Other common transformation which can be done after having zero average is dividing the data by their standard deviation. After appling this transformation the new data have unit variance.
When working with data normalized this way I expect that numerical errors should be smaller. However I seem to fail to do these transformations because the numerical errors appear even when I am trying to compute standard deviation.
Bellow is sample code in c# where I try to compute standard deviation. It can be easily seen even without statistical knowledge (of the formula) that the output of the program should be zero. (If data is array of constants then average of squares of data equals to square of averages.)

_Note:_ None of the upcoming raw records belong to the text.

lemma inv_subst_mult: "inv_subst m (a * b) = inv_subst m a * inv_subst m b"
  by (simp add: inv_subst_def pcompose_mult)

lemmas inv_subst_hom = inv_subst_add inv_subst_diff inv_subst_minus inv_subst_mult

lemma inv_subst_cong:
  assumes "xm1 m dvd u - v"
  shows "xm1 m dvd inv_subst m u - inv_subst m (v :: 'a::field poly)"
proof -
  obtain k where k: "u - v = xm1 m * k" using assms by (elim dvdE)
  have "inv_subst m u - inv_subst m v = inv_subst m (xm1 m) * inv_subst m k"
    by (metis k inv_subst_diff inv_subst_mult)
  moreover have "inv_subst m (xm1 m) = monom 1 ((m - 1) * m) - monom 1 0"
    by (simp add: inv_subst_def xm1_def pcompose_diff pcompose_monom_left monom_power
        pcompose_1 monom_0 one_pCons)
  moreover have "xm1 m dvd monom 1 ((m - 1) * m) - (monom 1 0 :: 'a poly)"
    by (rule xm1_dvd_monom_diff) simp
  ultimately show ?thesis by (metis dvd_mult2)
qed

lemma inv_subst_inv_subst:
  assumes m: "m \<ge> 1"
  shows "xm1 m dvd inv_subst m (inv_subst m h) - (h :: 'a::field poly)"
proof -
  have "inv_subst m (inv_subst m h) = pcompose h (monom 1 ((m - 1) * (m - 1)))"
    by (simp add: inv_subst_def pcompose_assoc[symmetric] pcompose_monom_left monom_power)
  moreover have "((m - 1) * (m - 1)) mod m = 1 mod m"
  proof (cases "m = 1")
    case False
    then obtain k where "m = Suc (Suc k)" using m by (metis Suc_le_D not0_implies_Suc One_nat_def)
    then have "(m - 1) * (m - 1) = 1 + k * m" by (simp add: algebra_simps)
    then show ?thesis by (simp only: mod_mult_self1)
  qed simp
  then have "xm1 m dvd monom 1 ((m - 1) * (m - 1)) - (monom 1 1 :: 'a poly)"
    by (rule xm1_dvd_monom_diff)
  then have "xm1 m dvd pcompose h (monom 1 ((m - 1) * (m - 1))) - pcompose h (monom 1 1)"
    using dvd_pcompose_diff dvd_trans by metis
  moreover have "monom 1 1 = [:0, 1 :: 'a:]" by (simp add: monom_Suc)
  ultimately show ?thesis by simp
qed

lemma sum_monom_rev_coeff:
  "coeff (\<Sum>i\<le>N. monom (coeff h i) (N - i)) n = (if n \<le> N then coeff h (N - n) else 0)"
proof -
  have "coeff (\<Sum>i\<le>N. monom (coeff h i) (N - i)) n = (\<Sum>i\<le>N. if N - i = n then coeff h i else 0)"
    by (simp add: coeff_sum coeff_monom)
  also have "\<dots> = (\<Sum>i\<in>{..N} \<inter> {i. i = N - n \<and> n \<le> N}. coeff h i)"
    by (rule sum.inter_filter[symmetric, THEN trans]) (auto intro!: sum.cong)
  also have "\<dots> = (if n \<le> N then coeff h (N - n) else 0)"
  proof (cases "n \<le> N")
    case True
    then have "{..N} \<inter> {i. i = N - n \<and> n \<le> N} = {N - n}" by auto
    then show ?thesis using True by simp
  qed simp
  finally show ?thesis .
qed

text \<open>Both \<open>f\<^sup>*\<close> and \<open>bar f\<close> are sums of this shape, with \<open>N = deg f\<close> and \<open>N = m\<close>.\<close>

lemma monom_mult_inv_subst_cong:
  assumes "degree h \<le> N" and "m \<ge> 1"
  shows "xm1 m dvd monom 1 N * inv_subst m h - (\<Sum>i\<le>N. monom (coeff h i) (N - i) :: 'a::field poly)"
proof -
  have "inv_subst m h = (\<Sum>i\<le>N. monom (coeff h i) (i * (m - 1)))"
    using assms(1) by (subst poly_as_sum_of_monoms'[symmetric])
      (simp_all add: inv_subst_def pcompose_sum pcompose_monom_left monom_power smult_monom
        mult.commute)
  then have "monom 1 N * inv_subst m h - (\<Sum>i\<le>N. monom (coeff h i) (N - i))
      = (\<Sum>i\<le>N. monom (coeff h i) (N + i * (m - 1)) - monom (coeff h i) (N - i))"
    by (simp add: sum_distrib_left mult_monom sum_subtractf)
  moreover have "xm1 m dvd monom (coeff h i) (N + i * (m - 1)) - (monom (coeff h i) (N - i) :: 'a poly)"
    if "i \<in> {..N}" for i
  proof (rule xm1_dvd_monom_diff)
    from that have "N + i * (m - 1) = (N - i) + i * m" using assms(2)
      by (simp add: algebra_simps diff_mult_distrib2)
    then show "(N + i * (m - 1)) mod m = (N - i) mod m" by simp
  qed
  ultimately show ?thesis by (metis (no_types, lifting) dvd_sum)
qed

lemma reflect_poly_cong_inv_subst:
  "m \<ge> 1 \<Longrightarrow> xm1 m dvd monom 1 (degree h) * inv_subst m h - reflect_poly (h :: 'a::field poly)"
proof -
  assume m: "m \<ge> 1"
  have "reflect_poly h = (\<Sum>i\<le>degree h. monom (coeff h i) (degree h - i))"
    by (rule poly_eqI) (simp add: sum_monom_rev_coeff coeff_reflect_poly not_less)
  then show ?thesis using monom_mult_inv_subst_cong[OF order.refl m, of h] by simp
qed

lemma bar_cong_inv_subst:
  assumes m: "m \<ge> 1" and deg: "degree f \<le> m"
  shows "xm1 m dvd bar m f - inv_subst m (f :: 'a::field poly)"
proof -
  have "xm1 m dvd monom 1 m * inv_subst m f - bar m f"
    using monom_mult_inv_subst_cong[OF deg m] by (simp add: bar_def)
  moreover have "xm1 m dvd (monom 1 m - monom 1 0) * inv_subst m f"
    by (intro dvd_mult2 xm1_dvd_monom_diff) simp
  ultimately have "xm1 m dvd (monom 1 m - monom 1 0) * inv_subst m f - (monom 1 m * inv_subst m f - bar m f)"
    by (rule dvd_diff[rotated])
  then show ?thesis by (simp add: algebra_simps monom_0 one_pCons)
qed

lemma bar_mod_cong_inv_subst:
  assumes m: "m \<ge> 1"
  shows "xm1 m dvd bar m (u mod xm1 m) - inv_subst m (u :: 'a::field poly)"
proof -
  have "xm1 m dvd bar m (u mod xm1 m) - inv_subst m (u mod xm1 m)"
    using bar_cong_inv_subst[OF m less_imp_le[OF degree_mod_xm1_less[OF m]]] .
  moreover have "xm1 m dvd inv_subst m (u mod xm1 m) - inv_subst m u"
    by (rule inv_subst_cong) (simp flip: mod_eq_dvd_iff)
  ultimately have "xm1 m dvd (bar m (u mod xm1 m) - inv_subst m (u mod xm1 m))
      + (inv_subst m (u mod xm1 m) - inv_subst m u)"
    by (rule dvd_add)
  then show ?thesis by simp
qed

lemma reflect_poly_dvd:
  fixes a b :: "'a::{comm_semiring_1,semiring_no_zero_divisors} poly"
  shows "a dvd b \<Longrightarrow> reflect_poly a dvd reflect_poly b"
  by (auto elim!: dvdE simp: reflect_poly_mult)

lemma reflect_poly_xm1:
  assumes m: "m \<ge> 1"
  shows "reflect_poly (xm1 m) = - (xm1 m :: 'a::field poly)"
proof (rule poly_eqI)
  fix n
  show "coeff (reflect_poly (xm1 m)) n = coeff (- xm1 m :: 'a poly) n"
    using m unfolding coeff_reflect_poly degree_xm1[OF m] by (auto simp: xm1_def coeff_monom)
qed

lemma coeff_0_nonzero_if_dvd_xm1:
  assumes m: "m \<ge> 1" and "p dvd xm1 m"
  shows "coeff (p :: 'a::field poly) 0 \<noteq> 0"
proof
  assume p0: "coeff p 0 = 0"
  obtain k where "xm1 m = p * k" using assms(2) by (elim dvdE)
  then have "coeff (xm1 m :: 'a poly) 0 = coeff p 0 * coeff k 0" by (simp add: coeff_mult_0)
  then show False using p0 coeff_0_xm1[OF m, where 'a='a] by simp
qed

lemma reflect_poly_dvd_xm1: "m \<ge> 1 \<Longrightarrow> p dvd xm1 m \<Longrightarrow> reflect_poly p dvd (xm1 m :: 'a::field poly)"
  using reflect_poly_dvd[of p "xm1 m"] reflect_poly_xm1[of m, where 'a='a] by simp

lemma dvd_reflect_poly_iff:
  assumes m: "m \<ge> 1" and p: "p dvd xm1 m" and h: "h dvd (xm1 m :: 'a::field poly)"
  shows "p dvd reflect_poly h \<longleftrightarrow> reflect_poly p dvd h"
proof
  assume "p dvd reflect_poly h"
  then show "reflect_poly p dvd h"
    using reflect_poly_dvd[of p "reflect_poly h"] coeff_0_nonzero_if_dvd_xm1[OF m h] by simp
next
  assume "reflect_poly p dvd h"
  then show "p dvd reflect_poly h"
    using reflect_poly_dvd[of "reflect_poly p" h] coeff_0_nonzero_if_dvd_xm1[OF m p] by simp
qed

text \<open>Modulo \<open>x\<^sup>m - 1\<close>, \<open>h(x\<^sup>-\<^sup>1)\<close> and \<open>h\<^sup>*\<close> differ by a power of \<open>x\<close>, which is a unit.\<close>

lemma inv_subst_cong_reflect_poly:
  assumes m: "m \<ge> 1"
  shows "xm1 m dvd inv_subst m h - monom 1 ((m - 1) * degree h) * reflect_poly (h :: 'a::field poly)"
proof -
  let ?d = "degree h"
  have "inv_subst m h - monom 1 ((m - 1) * ?d) * reflect_poly h
      = monom 1 ((m - 1) * ?d) * (monom 1 ?d * inv_subst m h - reflect_poly h)
        - (monom 1 (m * ?d) - monom 1 0) * inv_subst m h"
    using m by (simp add: algebra_simps mult_monom monom_0 one_pCons diff_mult_distrib
        add_mult_distrib mult.commute)
  moreover have "xm1 m dvd (monom 1 (m * ?d) - monom 1 0) * inv_subst m h"
    by (intro dvd_mult2 xm1_dvd_monom_diff) simp
  ultimately show ?thesis using reflect_poly_cong_inv_subst[OF m, of h] by (simp add: dvd_diff)
qed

static double standardDeviation(double[] data)
{
double sum = 0;
double sumOfSquares = 0;
foreach (double number in data)
{
sum += number;
sumOfSquares += number * number;
}
double average = sum / data.Length;
double averageOfSquares = sumOfSquares / data.Length;
return Math.Sqrt(averageOfSquares - average * average);
}
static void Main(string[] args)
{
double bigNumber = 1478340000000;
double[] data = Enumerable.Repeat(bigNumber, 83283).ToArray();
Console.WriteLine(standardDeviation(data));
}
Instead of zero the program outputs a huge number caused by numerical errors: 2133383.0308878
Note that if I would omit Math.Sqrt (i.e. I would be computing variance instead of standard deviation) then the error would be much higher.
What is the cause and how do I write this with smaler numerical errors?